Home / Technology / AI Trains on Millions of Unlicensed Music Tracks
AI Trains on Millions of Unlicensed Music Tracks
21 Jun
Summary
- Four large datasets of music used for AI training were found.
- Some AI developers use tools violating platform terms of service.
- Artists from pop stars to experimental composers are included.

Recently, four datasets of music utilized for AI model training were uncovered and made searchable, revealing the scale of audio data being used. Two of these datasets are exceptionally large, containing 12 million and 9 million tracks, while two others each exceed 100,000 songs. These collections have seen thousands of downloads, with major entities like Google and Stability confirming their use in research.
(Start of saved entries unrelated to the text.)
lemma dist_adjacent_neq:
  assumes "E x y"
  shows "d u x \<noteq> d u y"
proof
  assume eq: "d u x = d u y"
  define r where "r = d u x"
  obtain w1 where w1: "walk_fun E w1 r" "w1 0 = u" "w1 r = x" "\<And>k. k \<le> r \<Longrightarrow> d u (w1 k) = k"
    using obtain_geodesic[of u x] unfolding r_def by blast
  obtain w2 where w2: "walk_fun E w2 r" "w2 0 = u" "w2 r = y" "\<And>k. k \<le> r \<Longrightarrow> d u (w2 k) = k"
    using obtain_geodesic[of u y] unfolding r_def eq by blast
  define W where "W k = (if k \<le> r then w1 k else w2 (r + r + 1 - k))" for k
  have walk: "walk_fun E W (r + r + 1)"
    unfolding W_def by (rule walk_fun_join) (use w1 w2 assms in auto)
  have profile: "d u (W k) = (if k \<le> r then k else r + r + 1 - k)" if "k \<le> r + r + 1" for k
    using that w1(4) w2(4) by (simp add: W_def)
  obtain k where k: "k + 2 \<le> r + r + 1" "W k = W (k + 2)"
    using closed_walk_backtracks[OF walk] w1(2) w2(2) by (auto simp: W_def)
  then have "(if k \<le> r then k else r + r + 1 - k) =
             (if k + 2 \<le> r then k + 2 else r + r + 1 - (k + 2))"
    using profile[of k] profile[of "k + 2"] by simp
  \<comment> \<open>by parity, the profile never repeats a value two steps apart\<close>
  then show False
    using k(1) by presburger
qed

lemma dist_adjacent:
  assumes "E x y"
  shows "d u y = Suc (d u x) \<or> d u x = Suc (d u y)"
proof -
  have "d x y = 1" "d y x = 1"
    using assms edge_sym dist_edge by blast+
  then have "d u y \<le> Suc (d u x)" "d u x \<le> Suc (d u y)"
    using dist_triangle[of u y x] dist_triangle[of u x y] by simp_all
  then show ?thesis
    using dist_adjacent_neq[OF assms, of u] by linarith
qed

lemma parent_unique:
  assumes "E x y1" "E x y2" "Suc (d u y1) = d u x" "Suc (d u y2) = d u x"
  shows "y1 = y2"
proof (rule ccontr)
  assume ne: "y1 \<noteq> y2"
  define r where "r = d u y1"
  obtain w1 where w1: "walk_fun E w1 r" "w1 0 = u" "w1 r = y1" "\<And>k. k \<le> r \<Longrightarrow> d u (w1 k) = k"
    using obtain_geodesic[of u y1] unfolding r_def by blast
  have r2: "d u y2 = r"
    using assms(3,4) by (simp add: r_def)
  obtain w2 where w2: "walk_fun E w2 r" "w2 0 = u" "w2 r = y2" "\<And>k. k \<le> r \<Longrightarrow> d u (w2 k) = k"
    using obtain_geodesic[of u y2] unfolding r2 by blast
  have walk1: "walk_fun E (w1(Suc r := x)) (Suc r)"
    by (rule walk_fun_snoc) (use w1 assms(1) edge_sym in auto)
  define W where "W k = (if k \<le> Suc r then (w1(Suc r := x)) k else w2 (Suc r + r + 1 - k))" for k
  have walk: "walk_fun E W (Suc r + r + 1)"
    unfolding W_def by (rule walk_fun_join[OF walk1 w2(1)]) (use w2 assms(2) in simp)
  have profile: "d u (W k) = (if k \<le> Suc r then k else Suc r + r + 1 - k)" if "k \<le> Suc r + r + 1" for k
    using that w1(4) w2(4) assms(3) by (simp add: W_def r_def)
  obtain k where k: "k + 2 \<le> Suc r + r + 1" "W k = W (k + 2)"
    using closed_walk_backtracks[OF walk] w1(2) w2(2) by (auto simp: W_def)
  then have "(if k \<le> Suc r then k else Suc r + r + 1 - k) =
             (if k + 2 \<le> Suc r then k + 2 else Suc r + r + 1 - (k + 2))"
    using profile[of k] profile[of "k + 2"] by simp
  \<comment> \<open>the profile repeats a value two steps apart only across the apex x, from y1 to y2\<close>
  then have "k = r"
    using k(1) by presburger
  then show False
    using k(2) w1(3) w2(3) ne by (simp add: W_def)
qed

lemma parent_exists:
  assumes "x \<noteq> u"
  obtains y where "E x y" "Suc (d u y) = d u x"
proof -
  obtain w where w: "walk_fun E w (d u x)" "w 0 = u" "w (d u x) = x" "\<And>k. k \<le> d u x \<Longrightarrow> d u (w k) = k"
    using obtain_geodesic[of u x] by blast
  define r where "r = d u x - 1"
  have r: "Suc r = d u x"
    using assms dist_eq_0_iff[of u x] by (simp add: r_def)
  then have "E (w r) (w (Suc r))"
    using w(1) unfolding walk_fun_def by (metis lessI)
  then have "E (w r) x"
    using w(3) r by simp
  then show thesis
    using that[of "w r"] edge_sym w(4)[of r] r by auto
qed

definition children :: "'v \<Rightarrow> 'v \<Rightarrow> 'v set" where
  "children c p = {z. E p z \<and> d c z = Suc (d c p)}"

lemma children_card:
  assumes "p \<noteq> c"
  shows "finite (children c p) \<and> card (children c p) = \<kappa>"
proof -
  obtain q where q: "E p q" "Suc (d c q) = d c p"
    using parent_exists[OF assms] by blast
  have nbrs: "{z. E p z} = insert q (children c p)"
  proof (intro equalityI subsetI)
    fix z assume "z \<in> {z. E p z}"
    then have "E p z"
      by simp
    then show "z \<in> insert q (children c p)"
      using dist_adjacent[of p z c] parent_unique[of p z q c] q by (auto simp: children_def)
  qed (use q in \<open>auto simp: children_def\<close>)
  have "finite (children c p)"
    using finite_nbrs[of p] nbrs by simp
  moreover have "q \<notin> children c p"
    using q by (simp add: children_def)
  ultimately show ?thesis
    using card_nbrs[of p] nbrs by simp
qed

lemma children_disjoint:
  assumes "p1 \<noteq> p2"
  shows "children c p1 \<inter> children c p2 = {}"
proof (rule ccontr)
  assume "children c p1 \<inter> children c p2 \<noteq> {}"
  then obtain z where "E p1 z" "E p2 z" "d c z = Suc (d c p1)" "d c z = Suc (d c p2)"
    by (auto simp: children_def)
  then show False
    using parent_unique[of z p1 p2 c] edge_sym assms by simp
qed

(* The vertices at distance h from c whose geodesic from c starts with the edge from c to y. *)
definition branch_sphere :: "'v \<Rightarrow> 'v \<Rightarrow> nat \<Rightarrow> 'v set" where
  "branch_sphere c y h = {x. d c x = h \<and> Suc (d y x) = h}"

lemma branch_sphere_Suc:
  assumes "E c y"
  shows "branch_sphere c y (Suc (Suc h)) = (\<Union>p\<in>branch_sphere c y (Suc h). children c p)"
proof (intro equalityI subsetI)
  fix z assume "z \<in> branch_sphere c y (Suc (Suc h))"
  then have z: "d c z = Suc (Suc h)" "d y z = Suc h"
    by (auto simp: branch_sphere_def)
  then have "z \<noteq> y"
    by auto
  then obtain p where p: "E z p" "Suc (d y p) = d y z"
    using parent_exists by blast
  have "d c p \<le> Suc h"
    using dist_triangle[of c p y] dist_edge[OF assms] p z by simp
  then have "d c p = Suc h"
    using dist_adjacent[OF p(1), of c] z by auto
  then show "z \<in> (\<Union>p\<in>branch_sphere c y (Suc h). children c p)"
    using p z edge_sym by (auto simp: branch_sphere_def children_def)
next
  fix z assume "z \<in> (\<Union>p\<in>branch_sphere c y (Suc h). children c p)"
  then obtain p where p: "d c p = Suc h" "d y p = h" "E p z" "d c z = Suc (Suc h)"
    by (auto simp: branch_sphere_def children_def)
  have "d c z \<le> Suc (d y z)"
    using dist_triangle[of c z y] dist_edge[OF assms] by simp
  then have "d y z = Suc h"
    using dist_adjacent[OF p(3), of y] p by auto
  then show "z \<in> branch_sphere c y (Suc (Suc h))"
    using p by (simp add: branch_sphere_def)
qed

lemma branch_sphere_card:
  assumes "E c y"
  shows "finite (branch_sphere c y (Suc h)) \<and> card (branch_sphere c y (Suc h)) = \<kappa> ^ h"
proof (induction h)
  case 0
  have "branch_sphere c y 1 = {y}"
    using dist_edge[OF assms] by (auto simp: branch_sphere_def dist_eq_0_iff)
  then show ?case
    by simp
next
  case (Suc h)
  have "finite (children c p) \<and> card (children c p) = \<kappa>" if "p \<in> branch_sphere c y (Suc h)" for p
  proof -
    have "p \<noteq> c"
      using that by (auto simp: branch_sphere_def)
    then show ?thesis
      by (rule children_card)
  qed
  then show ?case
    using Suc children_disjoint
    by (simp add: branch_sphere_Suc[OF assms] card_UN_disjoint)
qed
Several of the music sources are available for personal streaming but require licensing for commercial applications, a distinction often bypassed in AI training. A significant concern is that three datasets consist of links to songs on platforms like YouTube and Spotify. Developers are employing automated tools to download the actual audio, potentially violating the terms of service of these platforms by bypassing revenue-generating mechanisms and creator monetization.
The included artists span a wide spectrum, from global pop figures like Lady Gaga and Fred Again.. to rock bands like Radiohead, electronic artists such as Aphex Twin, and hip-hop legends Wu-Tang Clan. Experimental composer Hainbach is also noted. The public can now explore these datasets on the Atlantic's AI Watchdog site to see what media is training AI models.